Each night I go to sleep under Granddaddy's blanket.
I carefully stitched his nametag back on a few years ago.
When I gaze at photos of him now, I address him as Fred.
He is my hero.
I know he had his secrets.
His favorite horse was named Rosie, after a young woman he knew in New Mexico.
Rosie, literally, was a work horse.
When he was just out of high school,
a man he knew in town asked him where he was going to college.
My grandfather replied, "My father said there is no money."
Mr. Lawrence, the banker, said, "Your father can afford to send you wherever you want."
My grandfather escaped a life of farm work and went to Cornell to study forestry.
I don't know that he ever went home again.
He did write to his mother regularly: from Cornell, the Black Forest, New Mexico, Wisconsin, Washington, D.C. and Missouri.
He met my grandmother, Florence Hallowell, on the boat to Europe.
She was to go stay with her Aunt Sara for 2 years in France.

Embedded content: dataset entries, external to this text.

lemma rss_gain_le_balanced:
  assumes "0 < h"
  shows "rss_gain r h \<le> rss_gain h h"
proof -
  have "r\<^sup>2 * (h\<^sup>2 + h\<^sup>2)\<^sup>2 \<le> h\<^sup>2 * (r\<^sup>2 + h\<^sup>2)\<^sup>2"
    using mult_nonneg_nonneg[OF zero_le_power2[of h] zero_le_power2[of "r\<^sup>2 - h\<^sup>2"]]
    by (simp add: power2_eq_square algebra_simps)
  with assms show ?thesis
    by (simp add: rss_gain_def divide_simps add_pos_nonneg)
qed

lemma rss_gain_antimono_range:
  assumes "0 < h" "h \<le> R" "R \<le> r"
  shows "rss_gain r h \<le> rss_gain R h"
proof -
  have "h\<^sup>2 \<le> R\<^sup>2" "R\<^sup>2 \<le> r\<^sup>2" using assms by (auto intro: power_mono)
  then have "h\<^sup>2 * h\<^sup>2 \<le> r\<^sup>2 * R\<^sup>2"
    by (intro mult_mono) auto
  with \<open>R\<^sup>2 \<le> r\<^sup>2\<close> have "0 \<le> (r\<^sup>2 - R\<^sup>2) * (r\<^sup>2 * R\<^sup>2 - h\<^sup>2 * h\<^sup>2)"
    by simp
  then have "r\<^sup>2 * (R\<^sup>2 + h\<^sup>2)\<^sup>2 \<le> R\<^sup>2 * (r\<^sup>2 + h\<^sup>2)\<^sup>2"
    by (simp add: power2_eq_square algebra_simps)
  with assms show ?thesis
    by (simp add: rss_gain_def divide_simps add_pos_nonneg)
qed

lemma rss_gain_le_max:
  assumes "0 < h0" "r0 \<le> r" "h0 \<le> h"
  shows "rss_gain r h \<le> rss_gain (max r0 h0) h0"
proof -
  have "rss_gain r h \<le> rss_gain r h0"
    using assms by (intro rss_gain_antimono_height)
  also have "\<dots> \<le> rss_gain (max r0 h0) h0"
  proof (cases "r0 \<le> h0")
    case True
    then show ?thesis using rss_gain_le_balanced[OF assms(1)] by simp
  next
    case False
    then show ?thesis using assms by (simp add: rss_gain_antimono_range)
  qed
  finally show ?thesis .
qed

lemma dist3_pow4: "(dist3 s p)^4 = ((hdist s p)\<^sup>2 + (height p)\<^sup>2)\<^sup>2"
proof -
  have "(dist3 s p)\<^sup>2 = (hdist s p)\<^sup>2 + (height p)\<^sup>2"
    unfolding dist3_def by (simp add: add_nonneg_nonneg)
  moreover have "(dist3 s p)^4 = ((dist3 s p)\<^sup>2)\<^sup>2" by (simp flip: power_mult)
  ultimately show ?thesis by simp
qed

lemma hdist_over_dist3: "(hdist s p)\<^sup>2 / (dist3 s p)^4 = rss_gain (hdist s p) (height p)"
  by (simp add: dist3_pow4 rss_gain_def)

lemma trace_outer_gvec:
  assumes "hdist s p > 0"
  shows "trace (outer (gvec s p)) = 1"
proof -
  have "trace (outer (gvec s p)) = ((fst p - fst s)\<^sup>2 + (fst (snd p) - snd s)\<^sup>2) / (hdist s p)\<^sup>2"
    by (simp add: trace_def sum_2 outer_def gvec_def power2_eq_square add_divide_distrib)
  also have "\<dots> = (hdist s p)\<^sup>2 / (hdist s p)\<^sup>2"
    unfolding hdist_def by (simp add: power2_commute)
  finally show ?thesis using assms by simp
qed

lemma fisher_symmetric: "fisher \<gamma> \<sigma> N M s v $ 1 $ 2 = fisher \<gamma> \<sigma> N M s v $ 2 $ 1"
  by (simp add: fisher_def outer_def sum_component mult.commute)

lemma trace_fisher:
  assumes "\<forall>i\<in>{1..N}. \<forall>j\<in>{1..M i}. hdist s (v i j) > 0"
  shows "trace (fisher \<gamma> \<sigma> N M s v) = (10 * \<gamma> / ln 10)\<^sup>2 *
           (\<Sum>i\<in>{1..N}. \<Sum>j\<in>{1..M i}. rss_gain (hdist s (v i j)) (height (v i j)) / (\<sigma> i)\<^sup>2)"
  using assms unfolding fisher_def trace_scaleR trace_sum
  by (intro arg_cong[where f = "(*) _"] sum.cong refl)
     (simp add: trace_outer_gvec hdist_over_dist3[symmetric] field_simps)

lemma det_fisher_le:
  assumes "feasible r0 h0 t0 cmax N M s v" "0 < r0" "0 < h0"
  shows "det (fisher \<gamma> \<sigma> N M s v) \<le>
           ((10 * \<gamma> / ln 10)\<^sup>2 / 2 * (\<Sum>i\<in>{1..N}. real (M i) / (\<sigma> i)\<^sup>2 * rss_gain (max r0 h0) h0))\<^sup>2"
proof -
  let ?c = "(10 * \<gamma> / ln 10)\<^sup>2"
  let ?G = "\<Sum>i\<in>{1..N}. \<Sum>j\<in>{1..M i}. rss_gain (hdist s (v i j)) (height (v i j)) / (\<sigma> i)\<^sup>2"
  have bounds: "r0 \<le> hdist s (v i j)" "h0 \<le> height (v i j)"
    if "i \<in> {1..N}" "j \<in> {1..M i}" for i j
    using assms(1) that unfolding feasible_def by auto
  have trace: "trace (fisher \<gamma> \<sigma> N M s v) = ?c * ?G"
    using bounds assms(2) by (intro trace_fisher) force
  have "0 \<le> ?G" by (intro sum_nonneg) (simp add: rss_gain_def)
  have "?G \<le> (\<Sum>i\<in>{1..N}. \<Sum>j\<in>{1..M i}. rss_gain (max r0 h0) h0 / (\<sigma> i)\<^sup>2)"
    using bounds assms(3)
    by (intro sum_mono divide_right_mono rss_gain_le_max) auto
  also have "\<dots> = (\<Sum>i\<in>{1..N}. real (M i) / (\<sigma> i)\<^sup>2 * rss_gain (max r0 h0) h0)"
    by simp
  finally have "?c / 2 * ?G \<le> ?c / 2 * (\<Sum>i\<in>{1..N}. real (M i) / (\<sigma> i)\<^sup>2 * rss_gain (max r0 h0) h0)"
    by (intro mult_left_mono) auto
  with \<open>0 \<le> ?G\<close> have "(trace (fisher \<gamma> \<sigma> N M s v) / 2)\<^sup>2 \<le>
      (?c / 2 * (\<Sum>i\<in>{1..N}. real (M i) / (\<sigma> i)\<^sup>2 * rss_gain (max r0 h0) h0))\<^sup>2"
    unfolding trace by (intro power_mono) auto
  with det2_le_half_trace_squared[OF fisher_symmetric, of \<gamma> \<sigma> N M s v] show ?thesis
    by linarith
qed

My Aunt Marion told me that Florence did not hear from Frederick for 3 years, until he was finished working in the Black Forest.
He went to Morais to see her and they were married in her home town of Chicago in 1906.
Their first child, Nathaniel, died after 1 day. The doctor held the forceps too tightly around his skull.
In 1910, my uncle was born. My grandparents named him Lawrence, after the good banker back in Ohio.